**EXERCISE DESCRIPTION:**
Start at the line below containing "b. norm (F a" and stop at the line containing "lborel (\<lambda>x::'a. C". Repeat every line of that stretch exactly, and nothing outside it.

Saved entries

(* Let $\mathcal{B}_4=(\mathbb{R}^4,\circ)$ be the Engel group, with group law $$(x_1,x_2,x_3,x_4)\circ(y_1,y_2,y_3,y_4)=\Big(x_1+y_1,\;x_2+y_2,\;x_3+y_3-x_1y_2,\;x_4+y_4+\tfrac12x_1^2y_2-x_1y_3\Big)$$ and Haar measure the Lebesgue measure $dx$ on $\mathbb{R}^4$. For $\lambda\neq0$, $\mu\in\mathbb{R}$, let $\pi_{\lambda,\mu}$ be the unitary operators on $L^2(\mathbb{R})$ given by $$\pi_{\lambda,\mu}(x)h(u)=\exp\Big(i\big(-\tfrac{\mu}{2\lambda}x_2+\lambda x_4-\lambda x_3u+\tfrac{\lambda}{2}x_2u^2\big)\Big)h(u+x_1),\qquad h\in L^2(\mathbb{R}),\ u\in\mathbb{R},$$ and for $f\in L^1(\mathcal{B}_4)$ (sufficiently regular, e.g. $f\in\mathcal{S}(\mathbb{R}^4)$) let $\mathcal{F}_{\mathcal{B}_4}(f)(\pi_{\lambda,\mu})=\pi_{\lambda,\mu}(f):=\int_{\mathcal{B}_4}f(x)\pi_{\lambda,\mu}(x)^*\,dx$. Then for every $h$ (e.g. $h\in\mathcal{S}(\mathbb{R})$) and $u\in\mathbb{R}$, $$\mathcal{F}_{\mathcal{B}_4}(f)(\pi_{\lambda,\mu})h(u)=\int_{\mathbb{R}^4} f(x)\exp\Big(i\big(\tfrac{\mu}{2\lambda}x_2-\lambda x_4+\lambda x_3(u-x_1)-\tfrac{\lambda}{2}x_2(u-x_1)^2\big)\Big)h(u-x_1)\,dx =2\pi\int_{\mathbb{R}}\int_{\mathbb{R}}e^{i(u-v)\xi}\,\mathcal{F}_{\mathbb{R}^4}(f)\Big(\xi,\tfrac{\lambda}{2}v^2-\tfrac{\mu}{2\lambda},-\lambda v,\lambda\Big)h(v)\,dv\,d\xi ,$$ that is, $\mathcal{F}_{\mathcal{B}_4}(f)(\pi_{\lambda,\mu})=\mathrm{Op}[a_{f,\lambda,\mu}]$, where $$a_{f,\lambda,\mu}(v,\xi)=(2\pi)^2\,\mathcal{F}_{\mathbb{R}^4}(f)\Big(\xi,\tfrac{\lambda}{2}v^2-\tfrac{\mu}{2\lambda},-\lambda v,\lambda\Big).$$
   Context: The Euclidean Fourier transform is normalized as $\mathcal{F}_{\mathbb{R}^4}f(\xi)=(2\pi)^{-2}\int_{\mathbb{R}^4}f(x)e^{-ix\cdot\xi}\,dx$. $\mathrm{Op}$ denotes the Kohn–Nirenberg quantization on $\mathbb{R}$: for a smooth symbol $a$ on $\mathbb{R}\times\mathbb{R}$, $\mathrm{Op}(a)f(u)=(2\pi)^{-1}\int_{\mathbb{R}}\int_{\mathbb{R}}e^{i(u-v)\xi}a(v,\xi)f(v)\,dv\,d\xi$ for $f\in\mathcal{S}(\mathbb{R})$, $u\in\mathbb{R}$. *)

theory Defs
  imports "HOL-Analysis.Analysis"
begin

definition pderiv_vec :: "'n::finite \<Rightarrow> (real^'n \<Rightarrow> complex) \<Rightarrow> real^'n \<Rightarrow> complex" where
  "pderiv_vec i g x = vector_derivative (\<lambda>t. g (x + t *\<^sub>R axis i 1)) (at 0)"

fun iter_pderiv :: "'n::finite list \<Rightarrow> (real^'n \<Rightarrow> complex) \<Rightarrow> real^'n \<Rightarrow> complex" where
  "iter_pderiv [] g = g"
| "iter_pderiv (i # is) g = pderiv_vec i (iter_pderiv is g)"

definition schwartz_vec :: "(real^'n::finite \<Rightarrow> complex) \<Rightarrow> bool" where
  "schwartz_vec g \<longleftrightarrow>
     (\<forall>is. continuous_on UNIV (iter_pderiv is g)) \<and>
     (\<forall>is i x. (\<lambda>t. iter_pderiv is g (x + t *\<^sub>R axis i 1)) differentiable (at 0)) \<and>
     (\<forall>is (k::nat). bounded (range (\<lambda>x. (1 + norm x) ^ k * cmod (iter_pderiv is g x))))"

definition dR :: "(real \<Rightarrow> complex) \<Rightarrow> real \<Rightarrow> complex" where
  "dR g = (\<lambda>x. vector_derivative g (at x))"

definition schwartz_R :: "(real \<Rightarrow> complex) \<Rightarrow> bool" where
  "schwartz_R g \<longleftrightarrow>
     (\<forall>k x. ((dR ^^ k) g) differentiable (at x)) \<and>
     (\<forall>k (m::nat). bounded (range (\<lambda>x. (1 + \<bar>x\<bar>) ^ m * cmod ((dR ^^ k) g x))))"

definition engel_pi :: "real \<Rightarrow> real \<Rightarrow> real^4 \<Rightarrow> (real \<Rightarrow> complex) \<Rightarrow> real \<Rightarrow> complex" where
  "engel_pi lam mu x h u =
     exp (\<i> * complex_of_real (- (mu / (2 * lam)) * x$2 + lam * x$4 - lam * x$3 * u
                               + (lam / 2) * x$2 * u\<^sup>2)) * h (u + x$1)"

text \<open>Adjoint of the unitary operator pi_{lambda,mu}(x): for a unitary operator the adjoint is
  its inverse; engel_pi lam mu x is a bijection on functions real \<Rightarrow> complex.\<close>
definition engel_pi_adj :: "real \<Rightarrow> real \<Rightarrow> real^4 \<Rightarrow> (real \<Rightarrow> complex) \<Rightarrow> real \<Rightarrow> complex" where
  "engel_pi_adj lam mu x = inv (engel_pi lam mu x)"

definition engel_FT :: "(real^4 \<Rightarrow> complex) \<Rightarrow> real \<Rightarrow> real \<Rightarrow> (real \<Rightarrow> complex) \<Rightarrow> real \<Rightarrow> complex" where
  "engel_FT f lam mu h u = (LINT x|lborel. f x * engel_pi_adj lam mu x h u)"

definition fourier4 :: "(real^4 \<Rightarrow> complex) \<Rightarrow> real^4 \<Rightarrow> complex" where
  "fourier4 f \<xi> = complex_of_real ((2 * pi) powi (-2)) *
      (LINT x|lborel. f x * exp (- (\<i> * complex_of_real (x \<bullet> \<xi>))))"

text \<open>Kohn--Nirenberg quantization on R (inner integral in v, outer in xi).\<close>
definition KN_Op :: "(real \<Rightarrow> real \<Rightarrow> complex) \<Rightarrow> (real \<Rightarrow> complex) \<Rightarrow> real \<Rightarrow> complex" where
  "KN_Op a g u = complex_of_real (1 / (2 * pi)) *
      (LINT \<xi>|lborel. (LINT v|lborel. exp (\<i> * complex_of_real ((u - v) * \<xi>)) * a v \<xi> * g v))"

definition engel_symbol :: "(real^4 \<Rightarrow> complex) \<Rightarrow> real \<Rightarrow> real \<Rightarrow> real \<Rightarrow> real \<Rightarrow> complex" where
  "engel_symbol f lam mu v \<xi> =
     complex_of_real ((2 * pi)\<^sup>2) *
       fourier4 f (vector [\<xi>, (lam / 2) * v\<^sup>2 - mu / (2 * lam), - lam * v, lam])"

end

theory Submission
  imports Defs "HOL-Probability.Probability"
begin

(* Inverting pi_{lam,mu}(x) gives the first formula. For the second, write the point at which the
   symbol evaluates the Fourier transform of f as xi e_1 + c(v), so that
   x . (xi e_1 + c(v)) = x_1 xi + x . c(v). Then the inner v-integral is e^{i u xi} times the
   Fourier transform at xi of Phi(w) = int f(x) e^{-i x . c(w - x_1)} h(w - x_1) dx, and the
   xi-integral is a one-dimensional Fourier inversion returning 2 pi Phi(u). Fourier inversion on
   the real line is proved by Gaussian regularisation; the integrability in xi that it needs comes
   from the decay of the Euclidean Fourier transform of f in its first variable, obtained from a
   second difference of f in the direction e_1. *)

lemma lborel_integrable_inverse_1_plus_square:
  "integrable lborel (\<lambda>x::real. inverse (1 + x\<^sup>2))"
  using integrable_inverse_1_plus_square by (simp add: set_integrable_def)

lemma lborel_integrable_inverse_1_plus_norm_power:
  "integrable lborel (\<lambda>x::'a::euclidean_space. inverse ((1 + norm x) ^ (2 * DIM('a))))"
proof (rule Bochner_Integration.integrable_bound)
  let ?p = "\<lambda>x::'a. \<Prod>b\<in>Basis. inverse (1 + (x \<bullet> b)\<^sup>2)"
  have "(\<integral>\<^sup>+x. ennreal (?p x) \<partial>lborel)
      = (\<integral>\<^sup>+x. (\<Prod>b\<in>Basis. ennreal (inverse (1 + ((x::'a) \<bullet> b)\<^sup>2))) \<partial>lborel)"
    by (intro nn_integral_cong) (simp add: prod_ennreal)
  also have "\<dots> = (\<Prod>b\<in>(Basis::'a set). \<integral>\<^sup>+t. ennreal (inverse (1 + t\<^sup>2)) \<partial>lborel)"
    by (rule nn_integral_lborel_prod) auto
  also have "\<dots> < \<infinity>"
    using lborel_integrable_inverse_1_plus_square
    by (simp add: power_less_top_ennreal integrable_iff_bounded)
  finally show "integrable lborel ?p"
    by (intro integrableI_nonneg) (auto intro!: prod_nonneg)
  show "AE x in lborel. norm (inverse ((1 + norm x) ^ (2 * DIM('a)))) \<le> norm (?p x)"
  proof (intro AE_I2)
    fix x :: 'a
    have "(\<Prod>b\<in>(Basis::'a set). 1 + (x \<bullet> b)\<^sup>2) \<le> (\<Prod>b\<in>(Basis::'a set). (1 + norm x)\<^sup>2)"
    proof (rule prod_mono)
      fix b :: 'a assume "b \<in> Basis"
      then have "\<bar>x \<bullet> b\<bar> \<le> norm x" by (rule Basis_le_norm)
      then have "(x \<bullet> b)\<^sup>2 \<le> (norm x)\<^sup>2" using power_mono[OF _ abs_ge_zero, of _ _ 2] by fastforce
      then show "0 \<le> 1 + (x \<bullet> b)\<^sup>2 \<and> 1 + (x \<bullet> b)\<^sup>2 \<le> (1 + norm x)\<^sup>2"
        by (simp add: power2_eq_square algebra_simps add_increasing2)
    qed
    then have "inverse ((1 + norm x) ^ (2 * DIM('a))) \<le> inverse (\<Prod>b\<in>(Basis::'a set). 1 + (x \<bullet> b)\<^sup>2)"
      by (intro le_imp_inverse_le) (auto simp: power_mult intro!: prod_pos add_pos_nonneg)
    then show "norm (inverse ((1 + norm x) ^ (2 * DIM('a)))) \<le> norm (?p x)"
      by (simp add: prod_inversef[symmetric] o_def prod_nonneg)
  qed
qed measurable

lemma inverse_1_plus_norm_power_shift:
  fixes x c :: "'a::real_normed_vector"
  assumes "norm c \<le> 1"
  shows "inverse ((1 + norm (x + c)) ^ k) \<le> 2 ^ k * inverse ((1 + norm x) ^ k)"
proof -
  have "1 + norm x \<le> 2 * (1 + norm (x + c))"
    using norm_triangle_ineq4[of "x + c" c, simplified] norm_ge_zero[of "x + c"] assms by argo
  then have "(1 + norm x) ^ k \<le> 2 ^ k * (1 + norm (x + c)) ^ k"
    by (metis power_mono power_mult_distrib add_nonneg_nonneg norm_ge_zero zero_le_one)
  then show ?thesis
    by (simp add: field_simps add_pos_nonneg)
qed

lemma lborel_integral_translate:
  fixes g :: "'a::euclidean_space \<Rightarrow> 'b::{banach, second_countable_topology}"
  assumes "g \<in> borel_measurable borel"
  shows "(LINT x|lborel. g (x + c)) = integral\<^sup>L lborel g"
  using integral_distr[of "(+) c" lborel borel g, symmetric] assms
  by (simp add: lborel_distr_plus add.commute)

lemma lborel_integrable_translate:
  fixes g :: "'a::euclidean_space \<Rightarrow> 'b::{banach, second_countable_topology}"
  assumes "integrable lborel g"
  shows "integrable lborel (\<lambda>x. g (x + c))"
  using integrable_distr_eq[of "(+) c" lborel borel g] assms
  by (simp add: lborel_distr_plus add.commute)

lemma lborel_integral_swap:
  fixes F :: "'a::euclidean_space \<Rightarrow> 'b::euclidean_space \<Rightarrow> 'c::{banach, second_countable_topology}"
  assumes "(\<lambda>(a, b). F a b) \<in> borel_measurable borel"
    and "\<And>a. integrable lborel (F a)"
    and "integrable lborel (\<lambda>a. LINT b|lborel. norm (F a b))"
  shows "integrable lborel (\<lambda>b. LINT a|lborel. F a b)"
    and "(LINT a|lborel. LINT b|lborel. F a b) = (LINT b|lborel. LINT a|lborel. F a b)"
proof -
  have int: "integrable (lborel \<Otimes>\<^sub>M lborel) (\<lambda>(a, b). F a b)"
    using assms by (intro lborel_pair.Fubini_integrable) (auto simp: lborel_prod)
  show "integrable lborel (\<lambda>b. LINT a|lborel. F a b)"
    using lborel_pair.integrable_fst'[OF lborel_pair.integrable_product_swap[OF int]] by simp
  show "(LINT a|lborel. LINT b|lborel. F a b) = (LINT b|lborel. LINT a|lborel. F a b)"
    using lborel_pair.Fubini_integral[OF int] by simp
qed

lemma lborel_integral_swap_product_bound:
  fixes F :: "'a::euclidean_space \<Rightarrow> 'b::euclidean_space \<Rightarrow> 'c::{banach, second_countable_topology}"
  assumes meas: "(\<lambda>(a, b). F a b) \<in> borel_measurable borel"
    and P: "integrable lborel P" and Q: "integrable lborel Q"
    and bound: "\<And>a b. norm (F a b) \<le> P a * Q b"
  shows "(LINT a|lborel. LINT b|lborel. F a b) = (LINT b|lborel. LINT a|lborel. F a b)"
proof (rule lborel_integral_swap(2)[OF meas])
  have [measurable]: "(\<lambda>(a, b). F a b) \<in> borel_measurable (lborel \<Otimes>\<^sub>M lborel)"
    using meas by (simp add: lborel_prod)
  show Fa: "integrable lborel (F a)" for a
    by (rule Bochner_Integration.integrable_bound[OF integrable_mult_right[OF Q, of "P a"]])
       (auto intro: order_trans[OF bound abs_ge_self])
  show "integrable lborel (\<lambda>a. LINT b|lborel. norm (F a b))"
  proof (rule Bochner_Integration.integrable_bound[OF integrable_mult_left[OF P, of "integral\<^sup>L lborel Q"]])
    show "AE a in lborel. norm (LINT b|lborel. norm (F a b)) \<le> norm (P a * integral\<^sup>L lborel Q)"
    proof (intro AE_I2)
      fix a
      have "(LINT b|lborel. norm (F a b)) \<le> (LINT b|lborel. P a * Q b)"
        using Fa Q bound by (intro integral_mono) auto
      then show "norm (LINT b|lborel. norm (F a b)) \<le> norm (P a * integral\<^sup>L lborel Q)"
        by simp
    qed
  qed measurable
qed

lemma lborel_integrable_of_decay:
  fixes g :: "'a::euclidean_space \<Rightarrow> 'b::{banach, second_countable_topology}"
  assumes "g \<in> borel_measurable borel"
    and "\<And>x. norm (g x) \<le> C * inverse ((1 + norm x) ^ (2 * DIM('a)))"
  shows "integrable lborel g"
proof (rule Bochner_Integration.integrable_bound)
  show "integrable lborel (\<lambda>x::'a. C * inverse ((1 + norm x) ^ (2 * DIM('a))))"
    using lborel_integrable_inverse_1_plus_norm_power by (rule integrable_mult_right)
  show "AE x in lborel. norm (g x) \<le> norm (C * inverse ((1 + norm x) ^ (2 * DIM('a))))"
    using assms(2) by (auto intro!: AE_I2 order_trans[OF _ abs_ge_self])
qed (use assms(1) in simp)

**EXERCISE OUTPUT:**
    and bound: "\<And>a b. norm (F a b) \<le> P a * Q b"
  shows "(LINT a|lborel. LINT b|lborel. F a b) = (LINT b|lborel. LINT a|lborel. F a b)"
proof (rule lborel_integral_swap(2)[OF meas])
  have [measurable]: "(\<lambda>(a, b). F a b) \<in> borel_measurable (lborel \<Otimes>\<^sub>M lborel)"
    using meas by (simp add: lborel_prod)
  show Fa: "integrable lborel (F a)" for a
    by (rule Bochner_Integration.integrable_bound[OF integrable_mult_right[OF Q, of "P a"]])
       (auto intro: order_trans[OF bound abs_ge_self])
  show "integrable lborel (\<lambda>a. LINT b|lborel. norm (F a b))"
  proof (rule Bochner_Integration.integrable_bound[OF integrable_mult_left[OF P, of "integral\<^sup>L lborel Q"]])
    show "AE a in lborel. norm (LINT b|lborel. norm (F a b)) \<le> norm (P a * integral\<^sup>L lborel Q)"
    proof (intro AE_I2)
      fix a
      have "(LINT b|lborel. norm (F a b)) \<le> (LINT b|lborel. P a * Q b)"
        using Fa Q bound by (intro integral_mono) auto
      then show "norm (LINT b|lborel. norm (F a b)) \<le> norm (P a * integral\<^sup>L lborel Q)"
        by simp
    qed
  qed measurable
qed

lemma lborel_integrable_of_decay:
  fixes g :: "'a::euclidean_space \<Rightarrow> 'b::{banach, second_countable_topology}"
  assumes "g \<in> borel_measurable borel"
    and "\<And>x. norm (g x) \<le> C * inverse ((1 + norm x) ^ (2 * DIM('a)))"
  shows "integrable lborel g"
proof (rule Bochner_Integration.integrable_bound)
  show "integrable lborel (\<lambda>x::'a. C * inverse ((1 + norm x) ^ (2 * DIM('a))))"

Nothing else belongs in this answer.